** Opening EXERCISE MATERIAL block **

lemma n_lie_rep_bracket:
  assumes "n_lie_rep n s G br eps t MG \<rho>"
    and "length xs = n" "homog G xs ds" "length ys = n - 2" "homog G ys es"
  shows "\<rho> (br xs # ys) m =
    (\<Sum>i<n. t ((- 1) ^ (n - Suc i) * eps (ds ! i) (sum_list (drop (Suc i) ds)))
               (\<rho> (del_nth i xs) (\<rho> (xs ! i # ys) m)))"
  using assms unfolding n_lie_rep_def hom_rep_def list.map_id id_apply by blast

lemma n_hom_lie_color_alg_twist_fundamental_identity:
  assumes alg: "n_lie_color_alg n s G br eps"
    and lin: "Vector_Spaces.linear s s \<alpha>" and mult: "multiplicative n br \<alpha>"
    and xs: "length xs = n - 1" "homog G xs ds" and ys: "length ys = n" "homog G ys es"
  shows "\<alpha> (br (map \<alpha> xs @ [\<alpha> (br ys)])) =
    (\<Sum>i<n. s (eps (sum_list ds) (sum_list (take i es)))
      (\<alpha> (br (map \<alpha> (take i ys) @ [\<alpha> (br (xs @ [ys ! i]))] @ map \<alpha> (drop (Suc i) ys)))))"
proof -
  interpret \<alpha>: module_hom s s \<alpha>
    using lin by (simp add: module_hom_iff_linear)
  have n2: "2 \<le> n"
    using alg by (simp add: n_lie_color_alg_def n_hom_lie_color_alg_def)
  have \<alpha>\<alpha>_br: "\<alpha> (\<alpha> (br zs)) = \<alpha> (br (map \<alpha> zs))" if "length zs = n" for zs
    using mult that by (simp add: multiplicative_def)
  have "\<alpha> (br (map \<alpha> xs @ [\<alpha> (br ys)])) = \<alpha> (\<alpha> (br (xs @ [br ys])))"
    using \<alpha>\<alpha>_br[of "xs @ [br ys]"] mult xs ys n2 by (simp add: multiplicative_def)
  also have "\<dots> = (\<Sum>i<n. s (eps (sum_list ds) (sum_list (take i es)))
      (\<alpha> (\<alpha> (br (take i ys @ [br (xs @ [ys ! i])] @ drop (Suc i) ys)))))"
    by (simp add: n_lie_color_alg_fundamental_identity[OF alg xs ys] \<alpha>.sum \<alpha>.scale)
  also have "\<dots> = (\<Sum>i<n. s (eps (sum_list ds) (sum_list (take i es)))
      (\<alpha> (br (map \<alpha> (take i ys) @ [\<alpha> (br (xs @ [ys ! i]))] @ map \<alpha> (drop (Suc i) ys)))))"
    using ys by (intro sum.cong refl) (simp add: \<alpha>\<alpha>_br)
  finally show ?thesis .
qed

lemma multiplicative_twist:
  "multiplicative n br \<alpha> \<Longrightarrow> multiplicative n (\<lambda>xs. \<alpha> (br xs)) \<alpha>"
  by (simp add: multiplicative_def)

lemma n_hom_lie_color_alg_twist:
  assumes alg: "n_lie_color_alg n s G br eps"
    and lin: "Vector_Spaces.linear s s \<alpha>" and deg: "deg0 G G \<alpha>"
    and mult: "multiplicative n br \<alpha>"
  shows "n_hom_lie_color_alg n s G (\<lambda>xs. \<alpha> (br xs)) eps \<alpha>"
proof -
  interpret \<alpha>: module_hom s s \<alpha>
    using lin by (simp add: module_hom_iff_linear)
  have n2: "2 \<le> n" and gv: "graded_vs s G" and bic: "bicharacter eps"
    and br_multilinear: "multilinear s s n br"
    and br_deg: "\<forall>xs ds. length xs = n \<and> homog G xs ds \<longrightarrow> br xs \<in> G (sum_list ds)"
    and br_skew: "\<forall>xs ds i. length xs = n \<and> homog G xs ds \<and> Suc i < n \<longrightarrow>
        br xs = s (- eps (ds ! i) (ds ! Suc i)) (br (swap_adj xs i))"
    using alg unfolding n_lie_color_alg_def n_hom_lie_color_alg_def by blast+
  have \<alpha>br_deg: "\<alpha> (br xs) \<in> G (sum_list ds)" if "length xs = n" "homog G xs ds" for xs ds
    using br_deg deg that unfolding deg0_def by blast
  have \<alpha>br_skew: "\<alpha> (br xs) = s (- eps (ds ! i) (ds ! Suc i)) (\<alpha> (br (swap_adj xs i)))"
    if "length xs = n" "homog G xs ds" "Suc i < n" for xs ds i
    using br_skew that \<alpha>.scale by metis
  show ?thesis
    using n2 gv bic lin deg \<alpha>br_deg \<alpha>br_skew multilinear_compose_linear[OF br_multilinear lin]
      n_hom_lie_color_alg_twist_fundamental_identity[OF alg lin mult]
    unfolding n_hom_lie_color_alg_def by blast
qed

lemma hom_rep_twist_commutator:
  assumes rep: "n_lie_rep n s G br eps t MG \<rho>" and lin: "Vector_Spaces.linear t t \<mu>"
    and compat: "\<forall>xs m. length xs = n - 1 \<longrightarrow> \<rho> (map \<alpha> xs) (\<mu> m) = \<mu> (\<rho> xs m)"
    and xs: "length xs = n - 1" "homog G xs ds" and ys: "length ys = n - 1" "homog G ys es"
  shows "(\<mu> \<circ> \<rho> (map \<alpha> xs)) ((\<mu> \<circ> \<rho> ys) m)
       - t (eps (sum_list ds) (sum_list es)) ((\<mu> \<circ> \<rho> (map \<alpha> ys)) ((\<mu> \<circ> \<rho> xs) m)) =
     (\<Sum>i<n - 1. t (eps (sum_list ds) (sum_list (take i es)))
        ((\<mu> \<circ> \<rho> (map \<alpha> (take i ys) @ [\<alpha> (br (xs @ [ys ! i]))] @ map \<alpha> (drop (Suc i) ys))) (\<mu> m)))"
proof -
  interpret \<mu>: module_hom t t \<mu>
    using lin by (simp add: module_hom_iff_linear)
  have \<mu>\<mu>_\<rho>: "\<mu> (\<mu> (\<rho> zs m)) = \<mu> (\<rho> (map \<alpha> zs) (\<mu> m))" if "length zs = n - 1" for zs
    using compat that by simp
  have "(\<mu> \<circ> \<rho> (map \<alpha> xs)) ((\<mu> \<circ> \<rho> ys) m)
      - t (eps (sum_list ds) (sum_list es)) ((\<mu> \<circ> \<rho> (map \<alpha> ys)) ((\<mu> \<circ> \<rho> xs) m))
    = \<mu> (\<mu> (\<rho> xs (\<rho> ys m) - t (eps (sum_list ds) (sum_list es)) (\<rho> ys (\<rho> xs m))))"
    using xs ys compat by (simp add: \<mu>.diff \<mu>.scale)
  also have "\<dots> = (\<Sum>i<n - 1. t (eps (sum_list ds) (sum_list (take i es)))
      (\<mu> (\<mu> (\<rho> (take i ys @ [br (xs @ [ys ! i])] @ drop (Suc i) ys) m))))"
    by (simp add: n_lie_rep_commutator[OF rep xs ys] \<mu>.sum \<mu>.scale)
  also have "\<dots> = (\<Sum>i<n - 1. t (eps (sum_list ds) (sum_list (take i es)))
      ((\<mu> \<circ> \<rho> (map \<alpha> (take i ys) @ [\<alpha> (br (xs @ [ys ! i]))] @ map \<alpha> (drop (Suc i) ys))) (\<mu> m)))"
    using ys by (intro sum.cong refl) (simp add: \<mu>\<mu>_\<rho>)
  finally show ?thesis .
qed

lemma hom_rep_twist_bracket:
  assumes rep: "n_lie_rep n s G br eps t MG \<rho>" and n2: "2 \<le> n"
    and lin: "Vector_Spaces.linear t t \<mu>"
    and compat: "\<forall>xs m. length xs = n - 1 \<longrightarrow> \<rho> (map \<alpha> xs) (\<mu> m) = \<mu> (\<rho> xs m)"
    and xs: "length xs = n" "homog G xs ds" and ys: "length ys = n - 2" "homog G ys es"
  shows "(\<mu> \<circ> \<rho> (\<alpha> (br xs) # map \<alpha> ys)) (\<mu> m) =
     (\<Sum>i<n. t ((- 1) ^ (n - Suc i) * eps (ds ! i) (sum_list (drop (Suc i) ds)))
        ((\<mu> \<circ> \<rho> (map \<alpha> (del_nth i xs))) ((\<mu> \<circ> \<rho> (xs ! i # ys)) m)))"
proof -
  interpret \<mu>: module_hom t t \<mu>
    using lin by (simp add: module_hom_iff_linear)
  have \<mu>\<mu>_\<rho>: "\<mu> (\<mu> (\<rho> zs m')) = \<mu> (\<rho> (map \<alpha> zs) (\<mu> m'))" if "length zs = n - 1" for zs m'
    using compat that by simp
  have "(\<mu> \<circ> \<rho> (\<alpha> (br xs) # map \<alpha> ys)) (\<mu> m) = \<mu> (\<mu> (\<rho> (br xs # ys) m))"
    using \<mu>\<mu>_\<rho>[of "br xs # ys"] ys n2 by simp
  also have "\<dots> = (\<Sum>i<n. t ((- 1) ^ (n - Suc i) * eps (ds ! i) (sum_list (drop (Suc i) ds)))
      (\<mu> (\<mu> (\<rho> (del_nth i xs) (\<rho> (xs ! i # ys) m)))))"
    by (simp add: n_lie_rep_bracket[OF rep xs ys] \<mu>.sum \<mu>.scale)
  also have "\<dots> = (\<Sum>i<n. t ((- 1) ^ (n - Suc i) * eps (ds ! i) (sum_list (drop (Suc i) ds)))
      ((\<mu> \<circ> \<rho> (map \<alpha> (del_nth i xs))) ((\<mu> \<circ> \<rho> (xs ! i # ys)) m)))"
    using xs by (intro sum.cong refl) (simp add: \<mu>\<mu>_\<rho> del_nth_def)
  finally show ?thesis .
qed

lemma hom_rep_twist:
  assumes rep: "n_lie_rep n s G br eps t MG \<rho>" and n2: "2 \<le> n"
    and lin: "Vector_Spaces.linear t t \<mu>" and deg: "deg0 MG MG \<mu>"
    and compat: "\<forall>xs m. length xs = n - 1 \<longrightarrow> \<rho> (map \<alpha> xs) (\<mu> m) = \<mu> (\<rho> xs m)"
  shows "hom_rep n s G (\<lambda>xs. \<alpha> (br xs)) eps \<alpha> t MG (\<lambda>xs. \<mu> \<circ> \<rho> xs) \<mu>"
proof -
  interpret \<mu>: module_hom t t \<mu>
    using lin by (simp add: module_hom_iff_linear)
  have gvM: "graded_vs t MG"
    and \<rho>_lin: "\<forall>xs. length xs = n - 1 \<longrightarrow> Vector_Spaces.linear t t (\<rho> xs)"
    and \<rho>_multilinear: "\<forall>m. multilinear s t (n - 1) (\<lambda>xs. \<rho> xs m)"
    and \<rho>_deg: "\<forall>xs ds a m. length xs = n - 1 \<and> homog G xs ds \<and> m \<in> MG a \<longrightarrow>
        \<rho> xs m \<in> MG (sum_list ds + a)"
    and \<rho>_skew: "\<forall>xs ds i m. length xs = n - 1 \<and> homog G xs ds \<and> Suc i < n - 1 \<longrightarrow>
        \<rho> xs m = t (- eps (ds ! i) (ds ! Suc i)) (\<rho> (swap_adj xs i) m)"
    using rep unfolding n_lie_rep_def hom_rep_def by meson+
  have \<mu>\<rho>_lin: "Vector_Spaces.linear t t (\<mu> \<circ> \<rho> xs)" if "length xs = n - 1" for xs
    using \<rho>_lin lin that Vector_Spaces.linear_compose by blast
  have \<mu>\<rho>_multilinear: "multilinear s t (n - 1) (\<lambda>xs. (\<mu> \<circ> \<rho> xs) m)" for m
    using multilinear_compose_linear[OF \<rho>_multilinear[rule_format] lin] by (simp add: o_def)
  have \<mu>\<rho>_deg: "(\<mu> \<circ> \<rho> xs) m \<in> MG (sum_list ds + a)"
    if "length xs = n - 1" "homog G xs ds" "m \<in> MG a" for xs ds a m
    using \<rho>_deg deg that unfolding deg0_def by simp
  have \<mu>\<rho>_skew: "(\<mu> \<circ> \<rho> xs) m = t (- eps (ds ! i) (ds ! Suc i)) ((\<mu> \<circ> \<rho> (swap_adj xs i)) m)"
    if "length xs = n - 1" "homog G xs ds" "Suc i < n - 1" for xs ds i m
    using \<rho>_skew that \<mu>.scale by (metis comp_apply)
  have \<mu>\<rho>_compat: "(\<mu> \<circ> \<rho> (map \<alpha> xs)) (\<mu> m) = \<mu> ((\<mu> \<circ> \<rho> xs) m)"
    if "length xs = n - 1" for xs m
    using compat that by simp
  show ?thesis
    unfolding hom_rep_def
    by (intro conjI allI impI; (elim conjE)?;
        rule gvM lin deg \<mu>\<rho>_lin \<mu>\<rho>_multilinear \<mu>\<rho>_deg \<mu>\<rho>_skew \<mu>\<rho>_compat
          hom_rep_twist_commutator[OF rep lin compat] hom_rep_twist_bracket[OF rep n2 lin compat];
        assumption)
qed

theorem proposition3p14:
  fixes s :: "'k::field_char_0 \<Rightarrow> 'v::ab_group_add \<Rightarrow> 'v"
    and G :: "'g::ab_group_add \<Rightarrow> 'v set"
    and t :: "'k \<Rightarrow> 'm::ab_group_add \<Rightarrow> 'm"
    and MG :: "'g \<Rightarrow> 'm set"
    and br :: "'v list \<Rightarrow> 'v" and eps :: "'g \<Rightarrow> 'g \<Rightarrow> 'k"
    and \<rho> :: "'v list \<Rightarrow> 'm \<Rightarrow> 'm" and \<alpha> :: "'v \<Rightarrow> 'v" and \<mu> :: "'m \<Rightarrow> 'm"
  assumes alg: "n_lie_color_alg n s G br eps"
    and rep: "n_lie_rep n s G br eps t MG \<rho>"
    and \<alpha>_lin: "Vector_Spaces.linear s s \<alpha>" and \<alpha>_deg: "deg0 G G \<alpha>"
    and \<alpha>_hom: "\<forall>xs. length xs = n \<longrightarrow> \<alpha> (br xs) = br (map \<alpha> xs)"
    and \<mu>_lin: "Vector_Spaces.linear t t \<mu>" and \<mu>_deg: "deg0 MG MG \<mu>"
    and compat: "\<forall>xs m. length xs = n - 1 \<longrightarrow> \<rho> (map \<alpha> xs) (\<mu> m) = \<mu> (\<rho> xs m)"
  shows "n_hom_lie_color_alg n s G (\<lambda>xs. \<alpha> (br xs)) eps \<alpha>
       \<and> multiplicative n (\<lambda>xs. \<alpha> (br xs)) \<alpha>
       \<and> hom_rep n s G (\<lambda>xs. \<alpha> (br xs)) eps \<alpha> t MG (\<lambda>xs. \<mu> \<circ> \<rho> xs) \<mu>"
proof -
  have mult: "multiplicative n br \<alpha>"
    using \<alpha>_hom by (simp add: multiplicative_def)
  have n2: "2 \<le> n"
    using alg by (simp add: n_lie_color_alg_def n_hom_lie_color_alg_def)
  show ?thesis
    using n_hom_lie_color_alg_twist[OF alg \<alpha>_lin \<alpha>_deg mult] multiplicative_twist[OF mult]
      hom_rep_twist[OF rep n2 \<mu>_lin \<mu>_deg compat]
    by blast
qed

** Closing EXERCISE MATERIAL block **

## EXERCISE GOAL
Restate word for word only the lines above from the line containing "Suc i)) ((\<mu>" to the line containing "by (intro conjI allI impI; (elim conjE)?;", both of them included.

## YOUR SOLUTION
  have \<mu>\<rho>_skew: "(\<mu> \<circ> \<rho> xs) m = t (- eps (ds ! i) (ds ! Suc i)) ((\<mu> \<circ> \<rho> (swap_adj xs i)) m)"
    if "length xs = n - 1" "homog G xs ds" "Suc i < n - 1" for xs ds i m
    using \<rho>_skew that \<mu>.scale by (metis comp_apply)
  have \<mu>\<rho>_compat: "(\<mu> \<circ> \<rho> (map \<alpha> xs)) (\<mu> m) = \<mu> ((\<mu> \<circ> \<rho> xs) m)"
    if "length xs = n - 1" for xs m
    using compat that by simp
  show ?thesis
    unfolding hom_rep_def
    by (intro conjI allI impI; (elim conjE)?;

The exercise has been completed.